The final argument against New Zealand's position is that the multinational agricultural industry cannot be trusted – and New Zealand should already be aware of this.

Without a global regime, this industry is likely to target countries with weak legislation to set up Terminator crop trials – or do it illegally. Two recent examples:

• Seed companies already have a record of deliberately contaminating crops and working outside government regulations. Only this week, biotech multinational Syngenta was fined around $700,000 by the Brazilian Government for conducting illegal field trials of GE soy in a buffer zone around the Iguacu Falls World Heritage Site in Brazil. The field trials were discovered by Greenpeace and reported to the Brazilian Government.

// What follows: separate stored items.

lemma heads_in_states:
  assumes "b \<in> i ` {1..m} \<union> j ` {1..m}"
  shows "head1 m i j s b \<in> states S \<and> head2 m i j s b \<in> states S"
proof (cases "b \<in> j ` {1..m}")
  case True
  then obtain l where "l \<in> {1..m}" "b = j l" by auto
  then show ?thesis using head1_j head2_j nxt_in i_states by auto
next
  case False
  then show ?thesis using head_notin_j s_states assms by auto
qed

lemma tails_in_states:
  assumes "b \<in> i ` {1..m} \<union> j ` {1..m}"
  shows "tail1 m i j st b \<in> states S \<and> tail2 m i j st b \<in> states S"
proof (cases "b \<in> i ` {1..m}")
  case True
  then obtain l where "l \<in> {1..m}" "b = i l" by auto
  then show ?thesis using tail1_i tail2_i prv_in j_states by auto
next
  case False
  then show ?thesis using tail_notin_i st_states assms by auto
qed

lemma marg12_zbar:
  "marg12 S (zbar m i j s st) a b = (if \<exists>l\<in>{1..m}. a = i l \<and> b = j l then 1 else 0)
     - (if \<exists>l\<in>{1..m}. a = i (nxt m l) \<and> b = j l then 1 else (0::int))"
proof (cases "b \<in> j ` {1..m}")
  case True
  then obtain l where l: "l \<in> {1..m}" "b = j l" by auto
  have "(\<exists>l'\<in>{1..m}. a = i l' \<and> b = j l') \<longleftrightarrow> a = i l"
    "(\<exists>l'\<in>{1..m}. a = i (nxt m l') \<and> b = j l') \<longleftrightarrow> a = i (nxt m l)"
    using l inj_j by (auto simp: inj_on_eq_iff)
  then show ?thesis
    using l True heads_in_states tails_in_states head1_j head2_j
    by (simp add: zbar_eq_path_indicators marg12_diff marg12_path_indicator)
next
  case False
  then show ?thesis
    using heads_in_states tails_in_states head_notin_j
    by (auto simp: zbar_eq_path_indicators marg12_diff marg12_path_indicator)
qed

lemma marg23_zbar:
  "marg23 S (zbar m i j s st) a b = (if \<exists>l\<in>{1..m}. a = i (nxt m l) \<and> b = j l then 1 else 0)
     - (if \<exists>l\<in>{1..m}. a = i l \<and> b = j l then 1 else (0::int))"
proof (cases "a \<in> i ` {1..m}")
  case True
  then obtain l where l: "l \<in> {1..m}" "a = i l" by auto
  have "(\<exists>l'\<in>{1..m}. a = i l' \<and> b = j l') \<longleftrightarrow> b = j l"
    using l inj_i by (auto simp: inj_on_eq_iff)
  moreover have "(\<exists>l'\<in>{1..m}. a = i (nxt m l') \<and> b = j l') \<longleftrightarrow> b = j (prv m l)"
  proof
    assume "\<exists>l'\<in>{1..m}. a = i (nxt m l') \<and> b = j l'"
    then obtain l' where l': "l' \<in> {1..m}" "a = i (nxt m l')" "b = j l'" by blast
    then have "nxt m l' = l" using l inj_i nxt_in by (auto simp: inj_on_eq_iff)
    then show "b = j (prv m l)" using prv_nxt l' by metis
  next
    assume "b = j (prv m l)"
    then show "\<exists>l'\<in>{1..m}. a = i (nxt m l') \<and> b = j l'"
      using l prv_in nxt_prv by metis
  qed
  ultimately show ?thesis
    using l True heads_in_states tails_in_states tail1_i tail2_i
    by (simp add: zbar_eq_path_indicators marg23_diff marg23_path_indicator)
next
  case False
  then show ?thesis
    using heads_in_states tails_in_states tail_notin_i nxt_in
    by (auto simp: zbar_eq_path_indicators marg23_diff marg23_path_indicator)
qed

lemma sum_marg12_zbar: "(\<Sum>b\<in>states S. marg12 S (zbar m i j s st) a b) = 0"
proof -
  have count: "(\<Sum>b\<in>states S. if \<exists>l\<in>{1..m}. a = g l \<and> b = j l then 1 else (0::int))
      = (\<Sum>l\<in>{1..m}. if a = g l then 1 else 0)" for g
  proof -
    have "(\<Sum>b\<in>states S. if \<exists>l\<in>{1..m}. a = g l \<and> b = j l then 1 else (0::int))
        = (\<Sum>b\<in>j ` {1..m}. if \<exists>l\<in>{1..m}. a = g l \<and> b = j l then 1 else 0)"
      using j_states by (intro sum.mono_neutral_right) auto
    also have "\<dots> = (\<Sum>l\<in>{1..m}. if a = g l then 1 else 0)"
      using inj_j by (simp add: sum.reindex) (intro sum.cong refl, auto simp: inj_on_eq_iff)
    finally show ?thesis .
  qed
  have "(\<Sum>l\<in>{1..m}. if a = i (nxt m l) then 1 else (0::int))
      = (\<Sum>l\<in>nxt m ` {1..m}. if a = i l then 1 else 0)"
    by (subst sum.reindex[OF inj_on_nxt]) (simp add: o_def)
  also have "\<dots> = (\<Sum>l\<in>{1..m}. if a = i l then 1 else 0)"
    unfolding nxt_image ..
  finally show ?thesis
    unfolding marg12_zbar sum_subtractf count by simp
qed

lemma zbar_is_move: "is_move S (zbar m i j s st)"
proof (rule is_moveI)
  show "zbar m i j s st w = 0" if "w \<notin> paths S" for w
    using that i_states j_states heads_in_states tails_in_states
    by (simp add: zbar_eq_path_indicators path_indicator_outside_paths image_subset_iff)
qed (rule sum_marg12_zbar, simp add: marg12_zbar marg23_zbar)

text \<open>Along an alternating cycle of D, the first-transition marginal of zbar is +1 exactly where
  D is positive and -1 exactly where D is negative, so subtracting it shrinks every entry of D
  towards 0.\<close>
lemma distance_minus_marg12_zbar:
  fixes D :: "nat \<Rightarrow> nat \<Rightarrow> int"
  assumes m2: "2 \<le> m" and signs: "\<forall>l\<in>{1..m}. D (i l) (j l) > 0 \<and> D (i (nxt m l)) (j l) < 0"
  shows "(\<Sum>(a,b)\<in>states S \<times> states S. \<bar>D a b - marg12 S (zbar m i j s st) a b\<bar>)
    < (\<Sum>(a,b)\<in>states S \<times> states S. \<bar>D a b\<bar>)"
proof -
  let ?C = "marg12 S (zbar m i j s st)"
  have C_pos: "?C (i l) (j l) = 1" if l: "l \<in> {1..m}" for l
  proof -
    have "\<not> (\<exists>l'\<in>{1..m}. i l = i (nxt m l') \<and> j l = j l')"
    proof
      assume "\<exists>l'\<in>{1..m}. i l = i (nxt m l') \<and> j l = j l'"
      then obtain l' where l': "l' \<in> {1..m}" "i l = i (nxt m l')" "j l = j l'" by blast
      then have "l' = l" using l inj_j by (auto simp: inj_on_eq_iff)
      then have "nxt m l = l" using l l' inj_i nxt_in by (auto simp: inj_on_eq_iff)
      then show False using m2 by (simp add: nxt_def split: if_splits)
    qed
    then show ?thesis using l unfolding marg12_zbar by auto
  qed
  have pointwise: "\<bar>D a b - ?C a b\<bar> = \<bar>D a b\<bar> - \<bar>?C a b\<bar>" for a b
  proof (cases "\<exists>l\<in>{1..m}. a = i l \<and> b = j l")
    case True
    then show ?thesis using signs C_pos by auto
  next
    case False
    then show ?thesis using signs unfolding marg12_zbar by auto
  qed
  have "1 \<in> {1..m}" using m2 by simp
  then have "?C (i 1) (j 1) = 1" "(i 1, j 1) \<in> states S \<times> states S"
    using C_pos i_states j_states by auto
  then have "(\<Sum>(a,b)\<in>states S \<times> states S. \<bar>?C a b\<bar>) > 0"
    by (intro sum_pos2[of _ "(i 1, j 1)"]) auto
  then show ?thesis
    by (simp add: pointwise sum_subtractf case_prod_beta')
qed

end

• Already, such technologies are ready to apply the "case by case" basis that NZ is talking about. Peruvian farmers are very concerned about Syngenta's patent (US Patent 6,700,039) because it describes a GURTS technology that could be used to prevent the sprouting of potatoes, unless they are treated with chemicals supplied by the patent owner. Local farmers would be prevented from saving and reusing terminator type seeds and storage organs such as potato tubers, thus increasing corporate control over the global food system. Indigenous people fear that it would destroy the sharing of seeds, a centuries-old tradition, and with it their cultural and social way of life. Potatoes originate in Peru.

ENDS

(1) In 2000 the United Nations Convention on Biological Diversity (CBD) recommended that governments not field-test or commercialise genetic seed sterilisation technologies – thus creating a de-facto international moratorium.